Christmas is the "biggest season" for businesses and retailers, Congressman Randy Weber (R-Texas) explained on "Washington Watch." They typically operate in the red for 11 months of the year and turn a profit (get "in the black") starting on Black Friday. Many businesses are already short-staffed after having had to compete all year with excessive unemployment benefits approved by Congress. Many already plan to hire additional workers to accommodate the rush of holiday shoppers. They fear a vaccine mandate would force workers to quit just when they need them most. In fact, in one survey, 30 percent of unvaccinated workers said they would leave their job over a vaccine mandate, while only 12 percent said they would be likely to get the vaccine.

Normally, the alternative to retailers is online shopping. But that requires someone to ship and handle the orders: truck drivers. "For years," said Weber, "the trucking industry actually had a bumper sticker that said if anything got delivered to your door, it came by truck." American Trucking Associations President and CEO Chris Spear warned the Office of Management and Budget (which is reviewing the private employer mandate) in a letter last Thursday, "placing vaccination mandates on employers, which in turn force employees to be vaccinated, will create a workforce crisis for our industry." He estimates 37 percent of truck drivers could retire early, resign, or switch to smaller companies.
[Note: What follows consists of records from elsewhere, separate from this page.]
lemma eaqec_AB_of_reduced_form:
  fixes c :: nat and xs :: "nat \<Rightarrow> bvec" and K :: "bvec list"
  defines "G \<equiv> xs ` {..<c} \<union> set K"
  assumes red: "reduced_form c piv xs K"
    and code: "stabilizer_code (n' + c) k d (vspan G \<times> vspan G)"
    and dim: "n' - k = c + 2 * length K"
  shows "eaqec_AB n' k d c (piv ` {..<c}) piv (\<lambda>i. pZ (xs i)) (\<lambda>i. pX (xs i)) (isotropic_gens c K)"
proof -
  let ?N = "n' + c" and ?B = "piv ` {..<c}" and ?S = "vspan G \<times> vspan G"
  let ?gens = "ea_gens n' k c (\<lambda>i. pZ (xs i)) (\<lambda>i. pX (xs i)) (isotropic_gens c K)"
  have gens: "?gens = pX ` G \<union> pZ ` G"
    unfolding G_def using dim by (rule ea_gens_reduced)
  then have generated_gens: "generated ?gens = ?S"
    by (simp add: generated_pX_pZ)
  then have gens_S: "?gens \<subseteq> ?S"
    using generated_base by blast
  have S_paulis: "?S \<subseteq> paulis ?N" and S_comm: "\<forall>p\<in>?S. \<forall>q\<in>?S. \<not> anticomm ?N p q"
    using code by (simp_all add: stabilizer_code_def)
  have gens_mem: "pZ (xs i) \<in> ?gens" "pX (xs i) \<in> ?gens" if "i < c" for i
    using that gens by (auto simp: G_def)
  have "xs i \<in> vecs ?N" if "i < c" for i
  proof -
    have "pX (xs i) \<in> paulis ?N" using gens_mem(2)[OF that] gens_S S_paulis by blast
    then show ?thesis by (simp add: paulis_def pX_def)
  qed
  moreover have "xs i (piv i)" if "i < c" for i
    using red that by (simp add: reduced_form_def)
  ultimately have B_sub: "?B \<subseteq> {..<?N}"
    by (force simp: vecs_def not_less[symmetric])
  have alice: "anticomm_on ({..<?N} - ?B) p q \<longleftrightarrow> anticomm_on ?B p q"
    if "p \<in> ?gens" "q \<in> ?gens" for p q
  proof -
    have "\<not> anticomm ?N p q" using that gens_S S_comm by blast
    then show ?thesis using B_sub by (rule anticomm_on_Diff)
  qed
  have tail_mem: "isotropic_gens c K j \<in> ?gens" if "c \<le> j" "j < c + 2 * length K" for j
    using that dim by (auto simp: ea_gens_def)
  have tail_vanish: "\<forall>l\<in>?B. \<not> fst (isotropic_gens c K j) l \<and> \<not> snd (isotropic_gens c K j) l"
    if "c \<le> j" "j < c + 2 * length K" for j
    using isotropic_gens_vanish_at_pivots[OF red that] by blast
  note tail_comm = anticomm_on_vanishing[OF tail_vanish]
  show ?thesis
    unfolding eaqec_AB_def Let_def dim
  proof (intro conjI)
    have "k \<le> n' + c" using code by (simp add: stabilizer_code_def)
    then show "k + c \<le> n'" using dim by arith
    show "?B \<subseteq> {..<?N}" by (rule B_sub)
    show "bij_betw piv {..<c} ?B" and "card ?B = c"
      using reduced_form_inj_on[OF red] by (simp_all add: bij_betw_def card_image)
    show "?gens \<subseteq> paulis ?N" using gens_S S_paulis by blast
    show "stabilizer_code ?N k d (generated ?gens)" using code generated_gens by simp
    show "\<forall>i<c. prestrict ?B (pZ (xs i)) = pZ (\<lambda>l. l = piv i) \<and>
                prestrict ?B (pX (xs i)) = pX (\<lambda>l. l = piv i)"
      using reduced_form_at_pivots(1)[OF red]
      by (auto simp: prestrict_def pX_def pZ_def vzero_def fun_eq_iff)
    show "\<forall>j. c \<le> j \<and> j < c + 2 * length K \<longrightarrow> prestrict ?B (isotropic_gens c K j) = pI"
      using tail_vanish by (auto simp: prestrict_def pI_def vzero_def fun_eq_iff prod_eq_iff)
    show "\<forall>i<c. anticomm_on ({..<?N} - ?B) (pZ (xs i)) (pX (xs i))"
      using alice[OF gens_mem] reduced_form_anticomm_on_pivots[OF red] by simp
    show "\<forall>i<c. \<forall>j<c. \<not> anticomm_on ({..<?N} - ?B) (pZ (xs i)) (pZ (xs j)) \<and>
        \<not> anticomm_on ({..<?N} - ?B) (pX (xs i)) (pX (xs j)) \<and>
        (i \<noteq> j \<longrightarrow> \<not> anticomm_on ({..<?N} - ?B) (pZ (xs i)) (pX (xs j)))"
      using alice[OF gens_mem] reduced_form_anticomm_on_pivots[OF red]
      by (simp add: anticomm_on_pZ_pZ anticomm_on_pX_pX)
    show "\<forall>i<c. \<forall>j. c \<le> j \<and> j < c + 2 * length K \<longrightarrow>
        \<not> anticomm_on ({..<?N} - ?B) (pZ (xs i)) (isotropic_gens c K j) \<and>
        \<not> anticomm_on ({..<?N} - ?B) (pX (xs i)) (isotropic_gens c K j)"
      using alice[OF gens_mem(1) tail_mem] alice[OF gens_mem(2) tail_mem] tail_comm by simp
    show "\<forall>i j. c \<le> i \<and> i < c + 2 * length K \<and> c \<le> j \<and> j < c + 2 * length K \<longrightarrow>
        \<not> anticomm_on ({..<?N} - ?B) (isotropic_gens c K i) (isotropic_gens c K j)"
      using alice[OF tail_mem tail_mem] tail_comm by simp
  qed
qed

lemma parity_rows_in_code:
  assumes "parity_check n k' C P" and "dual_code n C \<subseteq> C"
  shows "set P \<subseteq> C"
proof
  fix r assume "r \<in> set P"
  with assms(1) have "r \<in> dual_code n C" by (auto simp: parity_check_def dual_code_def)
  with assms(2) show "r \<in> C" by blast
qed

text \<open>Since the stabilizer group is R \<times> R for the row space R \<subseteq> C, comparing
  |R|^2 = 2^{2n-2k'} with |R| \<le> |C| = 2^{k'} forces n \<le> 2k' and |R| = 2^{n-k'}:
  the rows of P are linearly independent.\<close>

lemma css_row_space_card:
  assumes "binary_code n k' d C" and "dual_code n C \<subseteq> C" and "parity_check n k' C P"
    and "stabilizer_code n (2 * k' - n) d (css_stabilizer P)"
  shows "card (vspan (set P)) = 2 ^ length P" and "n \<le> 2 * k'"
proof -
  let ?r = "card (vspan (set P))"
  have C: "linear_code n C" "card C = 2 ^ k'" using assms(1) by (simp_all add: binary_code_def)
  have "vspan (set P) \<subseteq> C"
    using C(1) parity_rows_in_code[OF assms(3,2)] by (intro vspan_subset_closed) (simp_all add: linear_code_def)
  moreover have "finite C" using C(2) by (intro card_ge_0_finite) simp
  ultimately have r_le: "?r \<le> 2 ^ k'" using C(2) card_mono by metis
  have r_sq: "?r ^ 2 = 2 ^ (n - (2 * k' - n))" and k_le: "2 * k' - n \<le> n"
    using assms(4) by (simp_all add: stabilizer_code_def css_stabilizer_eq card_cartesian_product power2_eq_square)
  have "?r ^ 2 \<le> 2 ^ (2 * k')"
    using power_mono[OF r_le, of 2] by (simp add: power_mult[symmetric] mult.commute)
  then show n_le: "n \<le> 2 * k'" using r_sq by (cases "n \<le> 2 * k'") auto
  then have "?r ^ 2 = (2 ^ (n - k')) ^ 2"
    using r_sq k_le by (simp add: power_mult[symmetric] mult.commute)
  then have "?r = 2 ^ (n - k')" by (simp add: power2_eq_iff_nonneg)
  then show "?r = 2 ^ length P" using assms(3) by (simp add: parity_check_def)
qed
The problem is worse for companies with federal contracts like UPS and FedEx because they are covered by the federal contractor mandate that has already been issued. Last Monday, members of the Cargo Airline Association expressed "significant concerns with ... the ability of industry members to implement the required employee vaccinations by Dec. 8, 2021" in a letter to President Biden. All of these delivery obstacles simply compound the supply chain problems created by the bottleneck at America's ports.

President Biden promised to end the coronavirus pandemic within his first 100 days as president. Now, his increasingly grasping attempts to deal with it may just cancel Christmas. Perhaps that will awaken the 42 percent of Americans who still approve of the job he is doing.

My empathy is for the workers and their families, not for big business. The U.S. Chamber of Commerce and their allies spend their time and money advocating for the Left's social policies, fund their left-wing candidates for office, and then they come crying to conservatives to save them from left-wing economic policies. Their lobbying to postpone the vaccine mandate deadline until after the holidays "makes sense from a business standpoint," as Weber pointed out. But it shows they care more about their bottom line than for their workers. Those workers will still care about their freedom come January. "Sure, they would get a reprieve for 90 days," said Weber, but the businesses will leave those workers and their families out in the cold as soon as their own warm pockets are lined. America's big businesses, so often given to moralistic crusading, have taken a hard pass on defending the rights of their workers to make their own health care decisions.